* What needs to be done *
Each entry should be written out once more, exactly as given below.

Data listing below:

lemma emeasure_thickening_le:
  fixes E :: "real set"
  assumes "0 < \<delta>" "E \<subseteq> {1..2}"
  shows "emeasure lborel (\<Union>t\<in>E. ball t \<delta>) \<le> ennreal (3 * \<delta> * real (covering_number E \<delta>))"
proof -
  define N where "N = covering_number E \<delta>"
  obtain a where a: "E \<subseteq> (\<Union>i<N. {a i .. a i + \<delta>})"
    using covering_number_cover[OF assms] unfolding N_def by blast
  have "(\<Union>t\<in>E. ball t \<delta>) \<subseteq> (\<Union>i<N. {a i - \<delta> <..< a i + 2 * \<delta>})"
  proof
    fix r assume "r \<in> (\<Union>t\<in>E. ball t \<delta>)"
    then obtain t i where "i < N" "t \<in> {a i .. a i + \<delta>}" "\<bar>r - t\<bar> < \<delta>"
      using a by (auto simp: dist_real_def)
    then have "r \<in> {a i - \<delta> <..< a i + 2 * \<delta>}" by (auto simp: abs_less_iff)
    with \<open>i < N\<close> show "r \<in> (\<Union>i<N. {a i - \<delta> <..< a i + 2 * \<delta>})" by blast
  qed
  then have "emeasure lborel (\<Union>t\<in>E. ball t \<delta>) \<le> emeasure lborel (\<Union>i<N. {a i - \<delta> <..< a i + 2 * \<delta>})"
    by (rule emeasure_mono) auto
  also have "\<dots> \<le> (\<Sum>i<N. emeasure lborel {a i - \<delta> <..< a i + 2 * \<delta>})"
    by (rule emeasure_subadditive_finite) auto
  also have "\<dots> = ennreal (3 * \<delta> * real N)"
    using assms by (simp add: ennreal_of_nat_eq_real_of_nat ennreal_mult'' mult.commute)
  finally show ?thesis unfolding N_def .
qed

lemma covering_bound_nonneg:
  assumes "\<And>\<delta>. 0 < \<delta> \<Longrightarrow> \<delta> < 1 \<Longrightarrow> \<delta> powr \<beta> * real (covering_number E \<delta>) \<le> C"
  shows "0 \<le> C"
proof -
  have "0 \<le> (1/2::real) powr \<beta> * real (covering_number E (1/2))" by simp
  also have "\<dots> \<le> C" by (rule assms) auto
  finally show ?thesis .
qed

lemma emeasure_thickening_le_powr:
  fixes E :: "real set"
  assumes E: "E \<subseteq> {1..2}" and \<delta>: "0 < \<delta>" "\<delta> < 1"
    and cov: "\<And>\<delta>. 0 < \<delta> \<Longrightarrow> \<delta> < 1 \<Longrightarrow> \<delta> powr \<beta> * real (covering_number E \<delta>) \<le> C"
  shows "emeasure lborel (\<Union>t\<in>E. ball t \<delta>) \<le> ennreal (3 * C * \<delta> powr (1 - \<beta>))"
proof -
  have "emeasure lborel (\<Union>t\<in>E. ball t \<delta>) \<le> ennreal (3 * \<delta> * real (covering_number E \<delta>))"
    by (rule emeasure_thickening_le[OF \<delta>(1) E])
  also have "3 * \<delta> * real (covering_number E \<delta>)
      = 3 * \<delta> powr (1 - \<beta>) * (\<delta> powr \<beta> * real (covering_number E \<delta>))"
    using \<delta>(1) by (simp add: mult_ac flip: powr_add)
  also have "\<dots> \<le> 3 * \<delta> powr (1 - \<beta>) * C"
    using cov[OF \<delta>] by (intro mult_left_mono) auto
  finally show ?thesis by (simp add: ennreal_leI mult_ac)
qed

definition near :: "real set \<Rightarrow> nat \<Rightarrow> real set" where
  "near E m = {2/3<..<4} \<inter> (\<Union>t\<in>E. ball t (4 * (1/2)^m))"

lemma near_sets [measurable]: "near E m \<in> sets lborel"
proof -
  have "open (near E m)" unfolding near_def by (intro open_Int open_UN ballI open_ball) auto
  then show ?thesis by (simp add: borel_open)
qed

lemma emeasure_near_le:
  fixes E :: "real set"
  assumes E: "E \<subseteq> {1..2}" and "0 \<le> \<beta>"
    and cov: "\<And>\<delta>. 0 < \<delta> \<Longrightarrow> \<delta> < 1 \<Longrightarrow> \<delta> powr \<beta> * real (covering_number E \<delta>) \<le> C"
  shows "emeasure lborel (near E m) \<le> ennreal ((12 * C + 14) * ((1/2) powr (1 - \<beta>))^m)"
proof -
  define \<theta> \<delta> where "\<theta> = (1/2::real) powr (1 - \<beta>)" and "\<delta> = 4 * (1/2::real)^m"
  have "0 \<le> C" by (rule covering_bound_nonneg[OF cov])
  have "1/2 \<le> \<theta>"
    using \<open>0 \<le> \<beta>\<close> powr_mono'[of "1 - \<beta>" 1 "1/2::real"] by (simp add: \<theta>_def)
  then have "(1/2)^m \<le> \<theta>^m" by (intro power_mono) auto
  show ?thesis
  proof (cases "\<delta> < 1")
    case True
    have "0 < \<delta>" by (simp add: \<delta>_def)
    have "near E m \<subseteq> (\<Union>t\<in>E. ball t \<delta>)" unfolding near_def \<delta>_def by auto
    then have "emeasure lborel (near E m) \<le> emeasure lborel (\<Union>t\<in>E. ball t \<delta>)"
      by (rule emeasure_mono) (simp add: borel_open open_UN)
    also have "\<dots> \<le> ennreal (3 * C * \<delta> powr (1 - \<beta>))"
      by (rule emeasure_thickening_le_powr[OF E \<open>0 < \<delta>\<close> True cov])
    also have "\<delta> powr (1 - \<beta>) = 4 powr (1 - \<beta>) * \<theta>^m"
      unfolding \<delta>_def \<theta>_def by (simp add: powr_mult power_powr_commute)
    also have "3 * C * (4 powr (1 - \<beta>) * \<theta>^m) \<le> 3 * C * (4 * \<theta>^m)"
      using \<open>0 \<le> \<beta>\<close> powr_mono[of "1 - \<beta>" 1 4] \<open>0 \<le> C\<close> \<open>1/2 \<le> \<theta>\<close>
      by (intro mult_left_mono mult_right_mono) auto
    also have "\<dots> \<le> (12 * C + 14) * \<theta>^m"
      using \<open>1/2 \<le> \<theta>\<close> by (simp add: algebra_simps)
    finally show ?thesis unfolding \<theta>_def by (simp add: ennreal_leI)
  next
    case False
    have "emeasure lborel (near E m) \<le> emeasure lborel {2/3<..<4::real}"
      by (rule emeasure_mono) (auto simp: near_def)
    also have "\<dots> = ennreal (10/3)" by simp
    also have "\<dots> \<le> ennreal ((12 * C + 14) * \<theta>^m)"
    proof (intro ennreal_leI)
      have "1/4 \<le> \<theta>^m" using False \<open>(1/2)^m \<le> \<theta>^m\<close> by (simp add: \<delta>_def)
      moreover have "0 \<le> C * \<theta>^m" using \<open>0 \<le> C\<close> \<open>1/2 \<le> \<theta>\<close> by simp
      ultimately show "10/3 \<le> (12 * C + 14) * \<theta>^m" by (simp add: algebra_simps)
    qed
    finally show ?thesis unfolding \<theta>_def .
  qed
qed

End of Data listing.

* Reply *
lemma emeasure_thickening_le:
  fixes E :: "real set"
  assumes "0 < \<delta>" "E \<subseteq> {1..2}"
  shows "emeasure lborel (\<Union>t\<in>E. ball t \<delta>) \<le> ennreal (3 * \<delta> * real (covering_number E \<delta>))"
proof -
  define N where "N = covering_number E \<delta>"
  obtain a where a: "E \<subseteq> (\<Union>i<N. {a i .. a i + \<delta>})"
    using covering_number_cover[OF assms] unfolding N_def by blast
  have "(\<Union>t\<in>E. ball t \<delta>) \<subseteq> (\<Union>i<N. {a i - \<delta> <..< a i + 2 * \<delta>})"
  proof
    fix r assume "r \<in> (\<Union>t\<in>E. ball t \<delta>)"
    then obtain t i where "i < N" "t \<in> {a i .. a i + \<delta>}" "\<bar>r - t\<bar> < \<delta>"
      using a by (auto simp: dist_real_def)
    then have "r \<in> {a i - \<delta> <..< a i + 2 * \<delta>}" by (auto simp: abs_less_iff)
    with \<open>i < N\<close> show "r \<in> (\<Union>i<N. {a i - \<delta> <..< a i + 2 * \<delta>})" by blast
  qed
  then have "emeasure lborel (\<Union>t\<in>E. ball t \<delta>) \<le> emeasure lborel (\<Union>i<N. {a i - \<delta> <..< a i + 2 * \<delta>})"
    by (rule emeasure_mono) auto
  also have "\<dots> \<le> (\<Sum>i<N. emeasure lborel {a i - \<delta> <..< a i + 2 * \<delta>})"
    by (rule emeasure_subadditive_finite) auto
  also have "\<dots> = ennreal (3 * \<delta> * real N)"
    using assms by (simp add: ennreal_of_nat_eq_real_of_nat ennreal_mult'' mult.commute)
  finally show ?thesis unfolding N_def .
qed

lemma covering_bound_nonneg:
  assumes "\<And>\<delta>. 0 < \<delta> \<Longrightarrow> \<delta> < 1 \<Longrightarrow> \<delta> powr \<beta> * real (covering_number E \<delta>) \<le> C"
  shows "0 \<le> C"
proof -
  have "0 \<le> (1/2::real) powr \<beta> * real (covering_number E (1/2))" by simp
  also have "\<dots> \<le> C" by (rule assms) auto
  finally show ?thesis .
qed

lemma emeasure_thickening_le_powr:
  fixes E :: "real set"
  assumes E: "E \<subseteq> {1..2}" and \<delta>: "0 < \<delta>" "\<delta> < 1"
    and cov: "\<And>\<delta>. 0 < \<delta> \<Longrightarrow> \<delta> < 1 \<Longrightarrow> \<delta> powr \<beta> * real (covering_number E \<delta>) \<le> C"
  shows "emeasure lborel (\<Union>t\<in>E. ball t \<delta>) \<le> ennreal (3 * C * \<delta> powr (1 - \<beta>))"
proof -
  have "emeasure lborel (\<Union>t\<in>E. ball t \<delta>) \<le> ennreal (3 * \<delta> * real (covering_number E \<delta>))"
    by (rule emeasure_thickening_le[OF \<delta>(1) E])
  also have "3 * \<delta> * real (covering_number E \<delta>)
      = 3 * \<delta> powr (1 - \<beta>) * (\<delta> powr \<beta> * real (covering_number E \<delta>))"
    using \<delta>(1) by (simp add: mult_ac flip: powr_add)
  also have "\<dots> \<le> 3 * \<delta> powr (1 - \<beta>) * C"
    using cov[OF \<delta>] by (intro mult_left_mono) auto
  finally show ?thesis by (simp add: ennreal_leI mult_ac)
qed

definition near :: "real set \<Rightarrow> nat \<Rightarrow> real set" where
  "near E m = {2/3<..<4} \<inter> (\<Union>t\<in>E. ball t (4 * (1/2)^m))"

lemma near_sets [measurable]: "near E m \<in> sets lborel"
proof -
  have "open (near E m)" unfolding near_def by (intro open_Int open_UN ballI open_ball) auto
  then show ?thesis by (simp add: borel_open)
qed

lemma emeasure_near_le:
  fixes E :: "real set"
  assumes E: "E \<subseteq> {1..2}" and "0 \<le> \<beta>"
    and cov: "\<And>\<delta>. 0 < \<delta> \<Longrightarrow> \<delta> < 1 \<Longrightarrow> \<delta> powr \<beta> * real (covering_number E \<delta>) \<le> C"
  shows "emeasure lborel (near E m) \<le> ennreal ((12 * C + 14) * ((1/2) powr (1 - \<beta>))^m)"
proof -
  define \<theta> \<delta> where "\<theta> = (1/2::real) powr (1 - \<beta>)" and "\<delta> = 4 * (1/2::real)^m"
  have "0 \<le> C" by (rule covering_bound_nonneg[OF cov])
  have "1/2 \<le> \<theta>"
    using \<open>0 \<le> \<beta>\<close> powr_mono'[of "1 - \<beta>" 1 "1/2::real"] by (simp add: \<theta>_def)
  then have "(1/2)^m \<le> \<theta>^m" by (intro power_mono) auto
  show ?thesis
  proof (cases "\<delta> < 1")
    case True
    have "0 < \<delta>" by (simp add: \<delta>_def)
    have "near E m \<subseteq> (\<Union>t\<in>E. ball t \<delta>)" unfolding near_def \<delta>_def by auto
    then have "emeasure lborel (near E m) \<le> emeasure lborel (\<Union>t\<in>E. ball t \<delta>)"
      by (rule emeasure_mono) (simp add: borel_open open_UN)
    also have "\<dots> \<le> ennreal (3 * C * \<delta> powr (1 - \<beta>))"
      by (rule emeasure_thickening_le_powr[OF E \<open>0 < \<delta>\<close> True cov])
    also have "\<delta> powr (1 - \<beta>) = 4 powr (1 - \<beta>) * \<theta>^m"
      unfolding \<delta>_def \<theta>_def by (simp add: powr_mult power_powr_commute)
    also have "3 * C * (4 powr (1 - \<beta>) * \<theta>^m) \<le> 3 * C * (4 * \<theta>^m)"
      using \<open>0 \<le> \<beta>\<close> powr_mono[of "1 - \<beta>" 1 4] \<open>0 \<le> C\<close> \<open>1/2 \<le> \<theta>\<close>
      by (intro mult_left_mono mult_right_mono) auto
    also have "\<dots> \<le> (12 * C + 14) * \<theta>^m"
      using \<open>1/2 \<le> \<theta>\<close> by (simp add: algebra_simps)
    finally show ?thesis unfolding \<theta>_def by (simp add: ennreal_leI)
  next
    case False
    have "emeasure lborel (near E m) \<le> emeasure lborel {2/3<..<4::real}"
      by (rule emeasure_mono) (auto simp: near_def)
    also have "\<dots> = ennreal (10/3)" by simp
    also have "\<dots> \<le> ennreal ((12 * C + 14) * \<theta>^m)"
    proof (intro ennreal_leI)
      have "1/4 \<le> \<theta>^m" using False \<open>(1/2)^m \<le> \<theta>^m\<close> by (simp add: \<delta>_def)
      moreover have "0 \<le> C * \<theta>^m" using \<open>0 \<le> C\<close> \<open>1/2 \<le> \<theta>\<close> by simp
      ultimately show "10/3 \<le> (12 * C + 14) * \<theta>^m" by (simp add: algebra_simps)
    qed
    finally show ?thesis unfolding \<theta>_def .
  qed
qed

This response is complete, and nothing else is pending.